Brief clash leaves 3 police injured, 3 striking workers detained in Cambodia

Source:Xinhua Published: 2013-12-27 13:20:59

A short clash between anti-riot police and striking garment workers at the Phnom Penh Special Economic Zone on Friday morning left three military police officers injured and three workers detained, a spokesman said.

"They blocked the national road in front of the zone and hurled stones at factories," Kheng Tito, spokesman for the National Military Police, told Xinhua after the incident. "These were illegal acts, we have to crack down on them, we could not allow them to cause anarchy and chaos."

He said three of the police officers got wounded on heads by stones and three workers were detained for inquiry."

Since Wednesday, tens of thousands of garment workers in hundreds of factories have walked out of work in protest against the low wage hike for 2014.

Those striking workers have been leading by pro-opposition trade unions and the opposition Cambodia National Rescue Party.

The garment industry, Cambodia's largest foreign currency earner, comprises about 500 factories employing some 510,600 workers. The sector earned 5 billion US dollars in the first eleven months of this year.

The Garment Manufacturers Association of Cambodia (GMAC) on Thursday asked all factories to temporarily stop production operations this week due to concerns over security and safety.

"GMAC executives strongly suggest all members to stop operation for a whole of this week and let the workers stay home," said a GMAC statement sent to its members by e-mail.

"If the workers are working in the factories, some bad elements of the demonstrators will go around and destroy your factories' gates and properties in order to force the workers out to join the demonstration to demand the wage of 160 US dollars," it said. " It is safer if there are no workers in the factories."

The statement said the GMAC is working with the government on how to deal with the situation.

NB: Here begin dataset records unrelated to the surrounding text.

(* Let $I$ be a compact segment and let $G\subset \mathrm{Diff}^1_+(I)$ be a group. The following two properties are equivalent: (i) there is a path $(h_t)_{t\in[0,1)}$ of diffeomorphisms $h_t\in \mathrm{Diff}^1_+(I)$, continuous for the $C^1$-topology, such that for every $g\in G$, $h_t g h_t^{-1}$ tends to the identity in the $C^1$-topology as $t\to 1$; (ii) there is a sequence $(h_n)_{n\in\mathbb N}$ of diffeomorphisms $h_n\in \mathrm{Diff}^1_+(I)$ such that for every $g\in G$, $h_n g h_n^{-1}$ tends to the identity in the $C^1$-topology as $n\to+\infty$.
   Context: $\mathrm{Diff}^1_+(I)$ denotes the group of orientation preserving $C^1$-diffeomorphisms of the segment $I$, endowed with the $C^1$-topology. *)

theory Defs
  imports "HOL-Analysis.Analysis"
begin

text \<open>Diffeomorphisms of the compact segment I = {a..b} (a < b) are represented by
  functions real => real; only their values on {a..b} matter.\<close>

definition dI :: "real \<Rightarrow> real \<Rightarrow> (real \<Rightarrow> real) \<Rightarrow> real \<Rightarrow> real" where
  "dI a b f x = (SOME d. (f has_real_derivative d) (at x within {a..b}))"

definition Diff1p :: "real \<Rightarrow> real \<Rightarrow> (real \<Rightarrow> real) set" where
  "Diff1p a b = {f. bij_betw f {a..b} {a..b} \<and> strict_mono_on {a..b} f
      \<and> (\<forall>x\<in>{a..b}. f differentiable (at x within {a..b}))
      \<and> continuous_on {a..b} (dI a b f)
      \<and> bij_betw (inv_into {a..b} f) {a..b} {a..b}
      \<and> (\<forall>x\<in>{a..b}. inv_into {a..b} f differentiable (at x within {a..b}))
      \<and> continuous_on {a..b} (dI a b (inv_into {a..b} f))}"

definition c1dist :: "real \<Rightarrow> real \<Rightarrow> (real \<Rightarrow> real) \<Rightarrow> (real \<Rightarrow> real) \<Rightarrow> real" where
  "c1dist a b f g = (SUP x\<in>{a..b}. \<bar>f x - g x\<bar>) + (SUP x\<in>{a..b}. \<bar>dI a b f x - dI a b g x\<bar>)"

definition is_subgroup_Diff1p :: "real \<Rightarrow> real \<Rightarrow> (real \<Rightarrow> real) set \<Rightarrow> bool" where
  "is_subgroup_Diff1p a b G \<longleftrightarrow> G \<subseteq> Diff1p a b
     \<and> (\<exists>e\<in>G. \<forall>x\<in>{a..b}. e x = x)
     \<and> (\<forall>g\<in>G. \<forall>h\<in>G. \<exists>k\<in>G. \<forall>x\<in>{a..b}. k x = g (h x))
     \<and> (\<forall>g\<in>G. \<exists>k\<in>G. \<forall>x\<in>{a..b}. k x = inv_into {a..b} g x)"

definition conjI :: "real \<Rightarrow> real \<Rightarrow> (real \<Rightarrow> real) \<Rightarrow> (real \<Rightarrow> real) \<Rightarrow> real \<Rightarrow> real" where
  "conjI a b h g = h \<circ> g \<circ> inv_into {a..b} h"

end

theory Submission
  imports Defs "HOL-Real_Asymp.Real_Asymp"
begin

text \<open>The implication (i) \<Longrightarrow> (ii) is restriction of the path to a sequence t_n \<rightarrow> 1.
  For the converse, reparametrise [0,1) onto [0,\<infinity>) by t \<mapsto> t/(1-t) and interpolate linearly
  between h_n and h_(n+1). A convex combination of orientation preserving C^1 diffeomorphisms
  is again one. The C^1 distance of h g h^-1 to the identity is controlled by a bound A on
  |h(g x) - h x| together with a bound B in |h'(g x) g'(x) - h'(x)| \<le> B h'(x); both bounds
  are linear in h, so on the segment between h_n and h_(n+1) the distance is at most the sum
  of the distances at the two ends.\<close>

lemma dI_eqI:
  assumes "a < b" "x \<in> {a..b}" "(f has_real_derivative D) (at x within {a..b})"
  shows "dI a b f x = D"
proof -
  have nb: "at x within {a..b} \<noteq> bot" using assms by (simp add: trivial_limit_within)
  show ?thesis unfolding dI_def
    by (rule some_equality) (use assms nb has_field_derivative_unique in blast)+
qed

lemma has_real_derivative_dI:
  assumes "f differentiable (at x within {a..b})"
  shows "(f has_real_derivative dI a b f x) (at x within {a..b})"
  using assms unfolding dI_def real_differentiable_def by (rule someI_ex)

lemma dI_id: "a < b \<Longrightarrow> x \<in> {a..b} \<Longrightarrow> dI a b id x = 1"
  by (rule dI_eqI) (auto simp: id_def intro: DERIV_ident)

lemma strict_mono_on_deriv_nonneg:
  assumes "a < b" "x \<in> {a..b}" "strict_mono_on {a..b} f"
    "(f has_real_derivative D) (at x within {a..b})"
  shows "0 \<le> D"
proof -
  have nb: "at x within {a..b} \<noteq> bot" using assms by (simp add: trivial_limit_within)
  have quot: "((\<lambda>y. (f y - f x) / (y - x)) \<longlongrightarrow> D) (at x within {a..b})"
    using assms(4) by (simp add: has_field_derivative_iff)
  have "eventually (\<lambda>y. y \<in> {a..b} \<and> y \<noteq> x) (at x within {a..b})"
    by (simp add: eventually_at_filter)
  then have "eventually (\<lambda>y. 0 \<le> (f y - f x) / (y - x)) (at x within {a..b})"
  proof (rule eventually_mono)
    fix y assume y: "y \<in> {a..b} \<and> y \<noteq> x"
    then consider "y < x" "f y < f x" | "x < y" "f x < f y"
      using assms(2,3) by (metis linorder_neqE_linordered_idom strict_mono_onD)
    then show "0 \<le> (f y - f x) / (y - x)"
      by cases (simp_all add: divide_nonpos_neg less_imp_le)
  qed
  then show ?thesis using tendsto_lowerbound[OF quot _ nb] by blast
qed

lemma has_real_derivative_inv_into:
  assumes "continuous_on {a..b} f" "inj_on f {a..b}" "f ` {a..b} = {a..b}" "y \<in> {a..b}"
    "(f has_real_derivative D) (at (inv_into {a..b} f y) within {a..b})" "D \<noteq> 0"
  shows "(inv_into {a..b} f has_real_derivative inverse D) (at y within {a..b})"
proof -
  define g where "g = inv_into {a..b} f"
  define x where "x = g y"
  have x: "x \<in> {a..b}" "f x = y" using assms(3,4) unfolding x_def g_def
    by (metis inv_into_into, metis f_inv_into_f)
  have gf: "\<forall>z\<in>{a..b}. g (f z) = z" using assms(2) by (simp add: g_def inv_into_f_f)
  have fg: "\<And>z. z \<in> {a..b} \<Longrightarrow> f (g z) = z" using assms(3) unfolding g_def by (metis f_inv_into_f)
  have g_in: "\<And>z. z \<in> {a..b} \<Longrightarrow> g z \<in> {a..b}" using assms(3) unfolding g_def by (metis inv_into_into)
  have "continuous_on {a..b} g"
    using continuous_on_inv[OF assms(1) compact_Icc gf] assms(3) by simp
  then have g_tendsto: "(g \<longlongrightarrow> g y) (at y within {a..b})"
    using assms(4) by (simp add: continuous_on_eq_continuous_within continuous_within)
  have ev: "eventually (\<lambda>z. z \<in> {a..b} \<and> z \<noteq> y) (at y within {a..b})"
    by (simp add: eventually_at_filter)
  have "eventually (\<lambda>z. g z \<in> {a..b} \<and> g z \<noteq> x) (at y within {a..b})"
    using ev by (rule eventually_mono) (metis fg g_in x(2))
  with g_tendsto have g_lim: "filterlim g (at x within {a..b}) (at y within {a..b})"
    by (simp add: filterlim_at x_def)
  have "((\<lambda>w. (f w - f x) / (w - x)) \<longlongrightarrow> D) (at x within {a..b})"
    using assms(5) by (simp add: has_field_derivative_iff x_def g_def)
  from filterlim_compose[OF this g_lim]
  have "((\<lambda>z. inverse ((f (g z) - f x) / (g z - x))) \<longlongrightarrow> inverse D) (at y within {a..b})"
    using assms(6) by (simp add: o_def tendsto_inverse del: inverse_divide)
  then have "((\<lambda>z. (g z - g y) / (z - y)) \<longlongrightarrow> inverse D) (at y within {a..b})"
  proof (rule Lim_transform_eventually)
    show "eventually (\<lambda>z. inverse ((f (g z) - f x) / (g z - x)) = (g z - g y) / (z - y)) (at y within {a..b})"
      using ev
    proof (rule eventually_mono)
      fix z assume "z \<in> {a..b} \<and> z \<noteq> y"
      then have "f (g z) = z" using fg by blast
      then have "inverse ((f (g z) - f x) / (g z - x)) = (g z - x) / (z - y)"
        using x(2) by (simp add: inverse_divide)
      then show "inverse ((f (g z) - f x) / (g z - x)) = (g z - g y) / (z - y)"
        by (simp add: x_def)
    qed
  qed
  then show ?thesis unfolding g_def[symmetric] by (simp add: has_field_derivative_iff)
qed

The GMAC statement came after tens of thousands of garment workers in various factories have gone on strike since Wednesday, a day after the government decided to raise a monthly minimum wage for a garment worker to 95 US dollars from April onwards from the current 80 US dollars, but the pro-opposition trade unions said the increase is too low to accept.

Sam Rainy, president of the Cambodia National Rescue Party, who has led a new round of daily protests against Prime Minister Hun Sen's government since Dec. 15 following July's disputed election, has incited the striking workers to join his anti-government protests.

On Thursday, he led around 18,000 striking garment workers and anti-government activists through streets in capital Phnom Penh in order to call for Prime Minister Hun Sen to step down and hold a reelection.

"If the Cambodia National Rescue Party comes to power, we will increase the worker's wage to 160 US dollars per month," Sam Rainsy promised to the protesting workers on Thursday.

Defense Minister Tea Banh on Thursday urged all protesters to respect the rights of others and warned to take legal action if they tried to cause social instability.

"According to the nation's constitution, everyone has his/her own rights in politics," he told reporters. "But one must use his/ her rights with the respect for the rights of the others."

"We will not allow anyone to create social unrest," he said.